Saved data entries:

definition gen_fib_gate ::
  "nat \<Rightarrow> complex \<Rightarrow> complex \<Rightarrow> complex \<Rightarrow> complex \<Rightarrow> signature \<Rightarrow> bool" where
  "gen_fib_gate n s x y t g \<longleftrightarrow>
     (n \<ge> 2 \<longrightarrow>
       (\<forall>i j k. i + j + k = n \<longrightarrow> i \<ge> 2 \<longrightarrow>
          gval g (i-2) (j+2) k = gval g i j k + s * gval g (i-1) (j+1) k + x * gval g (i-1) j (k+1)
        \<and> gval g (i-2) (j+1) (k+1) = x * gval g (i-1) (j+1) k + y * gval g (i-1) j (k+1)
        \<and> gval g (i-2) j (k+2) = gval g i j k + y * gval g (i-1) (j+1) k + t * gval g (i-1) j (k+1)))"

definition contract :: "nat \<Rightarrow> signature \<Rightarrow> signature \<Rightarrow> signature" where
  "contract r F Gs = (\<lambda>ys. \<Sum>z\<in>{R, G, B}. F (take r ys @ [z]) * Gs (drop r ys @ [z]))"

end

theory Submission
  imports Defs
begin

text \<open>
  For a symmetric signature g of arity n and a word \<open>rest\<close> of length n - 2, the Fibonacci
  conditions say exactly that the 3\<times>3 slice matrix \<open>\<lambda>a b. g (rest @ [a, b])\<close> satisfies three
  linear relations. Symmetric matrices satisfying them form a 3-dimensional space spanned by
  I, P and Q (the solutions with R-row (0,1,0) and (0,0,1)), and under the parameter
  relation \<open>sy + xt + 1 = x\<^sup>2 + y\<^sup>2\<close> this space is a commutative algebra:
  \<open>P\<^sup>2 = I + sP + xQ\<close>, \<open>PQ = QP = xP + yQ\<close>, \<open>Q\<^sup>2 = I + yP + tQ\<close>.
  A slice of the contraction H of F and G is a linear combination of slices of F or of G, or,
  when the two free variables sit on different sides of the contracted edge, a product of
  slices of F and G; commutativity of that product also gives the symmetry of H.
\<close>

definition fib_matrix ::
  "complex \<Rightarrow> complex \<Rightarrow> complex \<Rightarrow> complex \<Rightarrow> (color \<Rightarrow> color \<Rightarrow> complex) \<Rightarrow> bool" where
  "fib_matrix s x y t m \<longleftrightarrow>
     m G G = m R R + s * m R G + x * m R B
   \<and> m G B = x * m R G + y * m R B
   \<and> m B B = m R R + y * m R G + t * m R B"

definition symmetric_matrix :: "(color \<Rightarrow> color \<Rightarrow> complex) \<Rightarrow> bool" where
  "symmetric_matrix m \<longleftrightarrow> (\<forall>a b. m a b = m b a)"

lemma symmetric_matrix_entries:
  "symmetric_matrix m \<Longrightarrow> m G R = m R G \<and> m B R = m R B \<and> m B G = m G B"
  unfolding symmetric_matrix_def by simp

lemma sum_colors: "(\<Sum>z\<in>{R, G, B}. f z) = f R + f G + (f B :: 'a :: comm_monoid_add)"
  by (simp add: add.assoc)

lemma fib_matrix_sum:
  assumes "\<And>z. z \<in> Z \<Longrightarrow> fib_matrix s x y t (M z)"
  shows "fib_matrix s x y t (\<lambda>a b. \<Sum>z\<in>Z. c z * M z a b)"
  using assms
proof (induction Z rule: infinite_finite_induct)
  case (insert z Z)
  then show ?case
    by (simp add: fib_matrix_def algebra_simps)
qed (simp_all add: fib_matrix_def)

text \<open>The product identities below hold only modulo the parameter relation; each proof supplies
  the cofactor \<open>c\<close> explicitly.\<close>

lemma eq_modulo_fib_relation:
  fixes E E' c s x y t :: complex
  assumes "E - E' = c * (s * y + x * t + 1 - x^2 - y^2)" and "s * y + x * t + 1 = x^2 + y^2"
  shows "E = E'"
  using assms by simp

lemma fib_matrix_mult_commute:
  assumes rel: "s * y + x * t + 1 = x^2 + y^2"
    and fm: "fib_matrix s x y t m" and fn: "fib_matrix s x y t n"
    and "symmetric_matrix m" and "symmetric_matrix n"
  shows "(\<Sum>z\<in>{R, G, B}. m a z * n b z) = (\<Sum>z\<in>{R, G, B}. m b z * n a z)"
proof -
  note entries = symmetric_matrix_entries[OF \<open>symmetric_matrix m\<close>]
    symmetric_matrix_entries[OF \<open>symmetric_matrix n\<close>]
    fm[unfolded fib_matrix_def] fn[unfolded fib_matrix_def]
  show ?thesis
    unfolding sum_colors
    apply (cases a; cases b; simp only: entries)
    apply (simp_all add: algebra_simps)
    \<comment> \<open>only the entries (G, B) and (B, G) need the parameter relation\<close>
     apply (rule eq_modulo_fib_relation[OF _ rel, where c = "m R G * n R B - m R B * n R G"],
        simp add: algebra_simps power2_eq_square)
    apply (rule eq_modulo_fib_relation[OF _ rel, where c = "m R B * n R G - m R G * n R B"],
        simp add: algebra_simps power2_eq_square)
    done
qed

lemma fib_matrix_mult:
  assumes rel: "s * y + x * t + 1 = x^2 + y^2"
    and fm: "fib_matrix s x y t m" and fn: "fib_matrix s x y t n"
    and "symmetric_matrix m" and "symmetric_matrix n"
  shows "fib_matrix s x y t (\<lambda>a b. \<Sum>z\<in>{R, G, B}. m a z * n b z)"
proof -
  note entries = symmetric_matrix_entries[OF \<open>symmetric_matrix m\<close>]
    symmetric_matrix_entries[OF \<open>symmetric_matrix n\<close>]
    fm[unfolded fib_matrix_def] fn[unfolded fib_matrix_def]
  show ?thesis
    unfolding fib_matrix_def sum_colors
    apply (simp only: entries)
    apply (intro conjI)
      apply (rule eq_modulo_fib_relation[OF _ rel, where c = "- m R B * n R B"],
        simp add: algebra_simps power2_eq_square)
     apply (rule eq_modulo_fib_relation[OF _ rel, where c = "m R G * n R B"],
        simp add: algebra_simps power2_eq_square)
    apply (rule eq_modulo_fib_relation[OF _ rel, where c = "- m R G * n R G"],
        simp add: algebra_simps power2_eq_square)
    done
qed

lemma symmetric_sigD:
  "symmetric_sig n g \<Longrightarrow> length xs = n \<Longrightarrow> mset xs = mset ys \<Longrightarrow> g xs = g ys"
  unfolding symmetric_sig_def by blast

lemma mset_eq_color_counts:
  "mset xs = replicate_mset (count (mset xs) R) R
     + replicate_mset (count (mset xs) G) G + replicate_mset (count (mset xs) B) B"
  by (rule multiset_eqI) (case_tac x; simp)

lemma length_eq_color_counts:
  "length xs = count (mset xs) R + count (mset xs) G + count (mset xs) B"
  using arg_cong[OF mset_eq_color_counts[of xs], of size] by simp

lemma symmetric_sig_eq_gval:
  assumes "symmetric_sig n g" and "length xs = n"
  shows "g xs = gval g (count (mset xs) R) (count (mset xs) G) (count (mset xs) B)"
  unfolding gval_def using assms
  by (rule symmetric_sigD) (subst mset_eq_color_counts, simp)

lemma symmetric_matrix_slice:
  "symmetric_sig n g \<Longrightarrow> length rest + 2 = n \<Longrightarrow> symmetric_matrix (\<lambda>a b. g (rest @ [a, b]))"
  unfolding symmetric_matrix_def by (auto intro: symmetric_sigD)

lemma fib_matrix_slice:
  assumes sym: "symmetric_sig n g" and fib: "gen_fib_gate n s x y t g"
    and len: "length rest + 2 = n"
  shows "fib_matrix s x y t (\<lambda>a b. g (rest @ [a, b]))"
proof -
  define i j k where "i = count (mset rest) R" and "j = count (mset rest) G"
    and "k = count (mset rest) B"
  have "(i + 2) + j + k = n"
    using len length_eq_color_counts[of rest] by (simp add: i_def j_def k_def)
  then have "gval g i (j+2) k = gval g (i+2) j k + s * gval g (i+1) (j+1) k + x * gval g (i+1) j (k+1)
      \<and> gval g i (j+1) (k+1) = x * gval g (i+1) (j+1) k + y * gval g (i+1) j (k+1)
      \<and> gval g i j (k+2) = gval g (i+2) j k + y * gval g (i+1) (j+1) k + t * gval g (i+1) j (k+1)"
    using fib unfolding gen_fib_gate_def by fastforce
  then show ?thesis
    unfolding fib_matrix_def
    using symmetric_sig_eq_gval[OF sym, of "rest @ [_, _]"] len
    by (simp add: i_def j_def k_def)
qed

--

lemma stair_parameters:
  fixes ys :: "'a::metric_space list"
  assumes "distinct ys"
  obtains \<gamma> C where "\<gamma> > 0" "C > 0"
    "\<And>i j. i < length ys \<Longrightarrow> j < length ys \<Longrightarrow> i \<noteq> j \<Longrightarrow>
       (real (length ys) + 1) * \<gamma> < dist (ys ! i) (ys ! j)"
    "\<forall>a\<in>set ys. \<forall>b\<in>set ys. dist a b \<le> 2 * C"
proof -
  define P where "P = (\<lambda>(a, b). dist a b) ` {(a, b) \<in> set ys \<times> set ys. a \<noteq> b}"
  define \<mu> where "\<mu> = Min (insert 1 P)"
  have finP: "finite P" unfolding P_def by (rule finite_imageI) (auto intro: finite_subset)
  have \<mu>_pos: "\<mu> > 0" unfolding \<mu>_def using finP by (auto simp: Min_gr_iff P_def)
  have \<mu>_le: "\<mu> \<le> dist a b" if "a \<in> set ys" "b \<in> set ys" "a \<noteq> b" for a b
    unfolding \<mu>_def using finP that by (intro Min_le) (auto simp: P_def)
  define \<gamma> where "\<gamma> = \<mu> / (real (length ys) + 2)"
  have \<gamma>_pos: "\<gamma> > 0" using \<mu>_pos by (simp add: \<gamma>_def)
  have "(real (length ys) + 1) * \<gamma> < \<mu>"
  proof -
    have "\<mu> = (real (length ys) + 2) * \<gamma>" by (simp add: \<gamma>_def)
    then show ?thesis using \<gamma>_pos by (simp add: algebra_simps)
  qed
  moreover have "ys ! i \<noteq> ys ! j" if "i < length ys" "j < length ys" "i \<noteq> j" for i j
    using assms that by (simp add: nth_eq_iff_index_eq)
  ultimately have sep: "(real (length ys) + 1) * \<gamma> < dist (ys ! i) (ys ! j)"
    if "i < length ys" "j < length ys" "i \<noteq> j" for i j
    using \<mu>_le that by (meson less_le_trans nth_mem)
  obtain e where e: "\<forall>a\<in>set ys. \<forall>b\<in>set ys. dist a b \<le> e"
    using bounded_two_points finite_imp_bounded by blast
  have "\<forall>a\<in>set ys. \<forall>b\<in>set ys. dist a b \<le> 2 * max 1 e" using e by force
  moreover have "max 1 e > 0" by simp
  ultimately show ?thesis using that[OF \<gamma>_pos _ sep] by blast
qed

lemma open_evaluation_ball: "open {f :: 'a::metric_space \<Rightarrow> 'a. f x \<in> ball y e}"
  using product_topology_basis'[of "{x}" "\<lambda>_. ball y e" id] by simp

* _PROBLEM DETAILS_: With the line holding "yP + tQ\<close>." as the first and the line holding "(\<lambda>a b. \<Sum>z\<in>Z." as the last, set down that range of the entries above exactly, and nothing else.

* _WRITTEN RESPONSE_:
  \<open>P\<^sup>2 = I + sP + xQ\<close>, \<open>PQ = QP = xP + yQ\<close>, \<open>Q\<^sup>2 = I + yP + tQ\<close>.
  A slice of the contraction H of F and G is a linear combination of slices of F or of G, or,
  when the two free variables sit on different sides of the contracted edge, a product of
  slices of F and G; commutativity of that product also gives the symmetry of H.
\<close>

definition fib_matrix ::
  "complex \<Rightarrow> complex \<Rightarrow> complex \<Rightarrow> complex \<Rightarrow> (color \<Rightarrow> color \<Rightarrow> complex) \<Rightarrow> bool" where
  "fib_matrix s x y t m \<longleftrightarrow>
     m G G = m R R + s * m R G + x * m R B
   \<and> m G B = x * m R G + y * m R B
   \<and> m B B = m R R + y * m R G + t * m R B"

definition symmetric_matrix :: "(color \<Rightarrow> color \<Rightarrow> complex) \<Rightarrow> bool" where
  "symmetric_matrix m \<longleftrightarrow> (\<forall>a b. m a b = m b a)"

lemma symmetric_matrix_entries:
  "symmetric_matrix m \<Longrightarrow> m G R = m R G \<and> m B R = m R B \<and> m B G = m G B"
  unfolding symmetric_matrix_def by simp

lemma sum_colors: "(\<Sum>z\<in>{R, G, B}. f z) = f R + f G + (f B :: 'a :: comm_monoid_add)"
  by (simp add: add.assoc)

lemma fib_matrix_sum:
  assumes "\<And>z. z \<in> Z \<Longrightarrow> fib_matrix s x y t (M z)"
  shows "fib_matrix s x y t (\<lambda>a b. \<Sum>z\<in>Z. c z * M z a b)"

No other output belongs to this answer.